WORK INSTRUCTIONS: Each line below that holds the string "prems" counts once; report the total and nothing else.

────────────────────

definition linear_hg :: "'a set set \<Rightarrow> bool" where
  "linear_hg E \<longleftrightarrow> (\<forall>e\<in>E. \<forall>f\<in>E. e \<noteq> f \<longrightarrow> card (e \<inter> f) \<le> 1)"

definition hdegree :: "'a set set \<Rightarrow> 'a \<Rightarrow> nat" where
  "hdegree E v = card {e\<in>E. v \<in> e}"

text \<open>Maximum degree (0 for the empty vertex set).\<close>
definition max_degree :: "'a set \<Rightarrow> 'a set set \<Rightarrow> nat" where
  "max_degree V E = Sup (hdegree E ` V)"

definition proper_edge_colouring :: "'a set set \<Rightarrow> nat \<Rightarrow> ('a set \<Rightarrow> nat) \<Rightarrow> bool" where
  "proper_edge_colouring E k c \<longleftrightarrow> (\<forall>e\<in>E. c e < k) \<and>
     (\<forall>e\<in>E. \<forall>f\<in>E. e \<noteq> f \<and> e \<inter> f \<noteq> {} \<longrightarrow> c e \<noteq> c f)"

definition chromatic_index :: "'a set set \<Rightarrow> nat" where
  "chromatic_index E = (LEAST k. \<exists>c. proper_edge_colouring E k c)"

end

theory Submission
  imports Defs
begin

text \<open>Let \<open>D + 1\<close> be the maximum degree, so \<open>D\<^sup>2 \<le> n\<close>. An edge \<open>e\<close> meets at most \<open>|e| D\<close>
  other edges, and colouring greedily with \<open>n\<close> colours succeeds unless some nonempty subfamily
  \<open>S\<close> has every edge meeting at least \<open>n\<close> others of \<open>S\<close>. For an edge \<open>e\<close> of minimum size \<open>k\<close>
  in such an \<open>S\<close>, counting the pairs \<open>(u, w)\<close> with \<open>u \<in> e\<close>, \<open>w \<notin> e\<close> on a common edge gives
  \<open>n (k - 1) \<le> k (n - k)\<close> and \<open>n \<le> k D\<close>, which force \<open>k\<^sup>2 = n\<close> with equality throughout:
  \<open>S\<close> is an affine plane of order \<open>k\<close>, hence equal to \<open>E\<close> by linearity. An affine plane with
  \<open>D \<le> k\<close> is coloured by the \<open>k + 1\<close> lines through a fixed point \<open>p\<close>, each edge receiving a
  line through \<open>p\<close> that equals or misses it: two edges meeting in \<open>v\<close> and missing the same
  line \<open>l\<close> would, with the \<open>k\<close> lines joining \<open>v\<close> to \<open>l\<close>, give \<open>v\<close> degree at least \<open>k + 2\<close>.\<close>

definition conflicts :: "'a set set \<Rightarrow> 'a set \<Rightarrow> 'a set set" where
  "conflicts S e = {f\<in>S. f \<noteq> e \<and> f \<inter> e \<noteq> {}}"
text \<open>Each shift \<open>shift i j\<close> with \<open>i \<notin> D\<close> moving an element of \<open>D\<close> down strictly decreases
  \<open>\<Sum>D\<close>, so repeated shifts carry \<open>D\<close> to an initial segment.\<close>

lemma carries_initial_segment:
  assumes shifts: "\<And>i j. i \<in> Omega n \<Longrightarrow> j \<in> Omega n \<Longrightarrow> even (i + j)
      \<Longrightarrow> corank1_map n i j False \<in> gen n A"
    and "D \<subseteq> Omega n" "card D + 2 \<le> n"
  shows "carries (gen n A) D {1..card D} \<and> carries (gen n A) {1..card D} D"
  using assms(2,3)
proof (induction "\<Sum>D" arbitrary: D rule: less_induct)
  case less
  show ?case
  proof (cases "D = {1..card D}")
    case True
    then show ?thesis using carries_refl[OF less.prems(1)] by metis
  next
    case False
    obtain i j d where ij: "1 \<le> i" "i < j" "j \<le> n" "i \<notin> D" "even (i + j)"
      and d: "d \<in> D" "i < d" "d \<le> j"
      using shift_move_exists[OF _ less.prems(2) False] less.prems(1) by (auto simp: Omega_def)
    let ?D' = "shift i j ` D"
    have \<Omega>: "i \<in> Omega n" "j \<in> Omega n" using ij by (auto simp: Omega_def)
    have D: "D \<subseteq> Xs n i" using less.prems(1) ij(4) by (auto simp: Xs_def)
    have "finite D" using less.prems(1) finite_subset by (auto simp: Omega_def)
    then have "\<Sum>?D' < \<Sum>D" using sum_shift_image_less ij d by blast
    moreover have "card ?D' = card D" using card_image[OF shift_inj_on[OF ij(4)]] .
    moreover have "?D' \<subseteq> Omega n" using shift_mem_Xs[OF \<Omega>] D by (auto simp: Xs_def)
    ultimately have "carries (gen n A) ?D' {1..card D} \<and> carries (gen n A) {1..card D} ?D'"
      using less.hyps less.prems(2) by metis
    moreover have "carries (gen n A) D ?D' \<and> carries (gen n A) ?D' D"
      using carries_shift_both[OF shifts shifts \<Omega> D] \<Omega> ij(5) by (simp add: add.commute)
    ultimately show ?thesis using carries_trans by blast
  qed
qed
theorem lemma6p1:
  fixes H \<theta> :: real
  assumes "1/2 < H" and "H < 1" and "\<theta> > 0"
  shows "\<exists>C. \<forall>T s t. 0 \<le> s \<and> s \<le> T \<and> 0 \<le> t \<and> t \<le> T \<and> s \<noteq> t \<longrightarrow>
      sfbm_wiener_cov H (\<lambda>x. exp (- \<theta> * (x - s))) s T (\<lambda>y. exp (- \<theta> * (y - t))) t T
        \<le> C * \<bar>t - s\<bar> powr (2*H - 2)
    \<and> sfbm_wiener_cov H (\<lambda>u. exp (- \<theta> * (t - u))) 0 t (\<lambda>v. exp (- \<theta> * (s - v))) 0 s
        \<le> C * \<bar>t - s\<bar> powr (2*H - 2)"
proof (intro exI allI impI conjI)
  fix T s t :: real
  assume st: "0 \<le> s \<and> s \<le> T \<and> 0 \<le> t \<and> t \<le> T \<and> s \<noteq> t"
  have H: "1/2 < H" "H \<le> 1" and \<theta>2: "0 < \<theta>/2" and \<delta>: "0 < \<bar>t - s\<bar>"
    using assms st by auto
  show "sfbm_wiener_cov H (\<lambda>x. exp (- \<theta> * (x - s))) s T (\<lambda>y. exp (- \<theta> * (y - t))) t T
          \<le> 4 * H * (2*H + 3) / \<theta>^2 * \<bar>t - s\<bar> powr (2*H - 2)"
    using has_integral_exp_decay_from[OF \<theta>2, of s T] has_integral_exp_decay_from[OF assms(3), of t T]
      exp_decay_integral_le[OF \<theta>2] exp_decay_integral_le[OF assms(3)] st
    by (intro sfbm_wiener_cov_exp_le[OF H assms(3) \<delta>, where wp = "\<lambda>x. x - s" and wq = "\<lambda>y. y - t"])
       (auto simp: abs_if split: if_split_asm)
  show "sfbm_wiener_cov H (\<lambda>u. exp (- \<theta> * (t - u))) 0 t (\<lambda>v. exp (- \<theta> * (s - v))) 0 s
          \<le> 4 * H * (2*H + 3) / \<theta>^2 * \<bar>t - s\<bar> powr (2*H - 2)"
    using has_integral_exp_decay_to[OF \<theta>2, of 0 t] has_integral_exp_decay_to[OF assms(3), of 0 s]
      exp_decay_integral_le[OF \<theta>2] exp_decay_integral_le[OF assms(3)] st
    by (intro sfbm_wiener_cov_exp_le[OF H assms(3) \<delta>, where wp = "\<lambda>u. t - u" and wq = "\<lambda>v. s - v"])
       (auto simp: abs_if split: if_split_asm)
qed

end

────────────────────

ANSWER TO THE PROBLEM: 5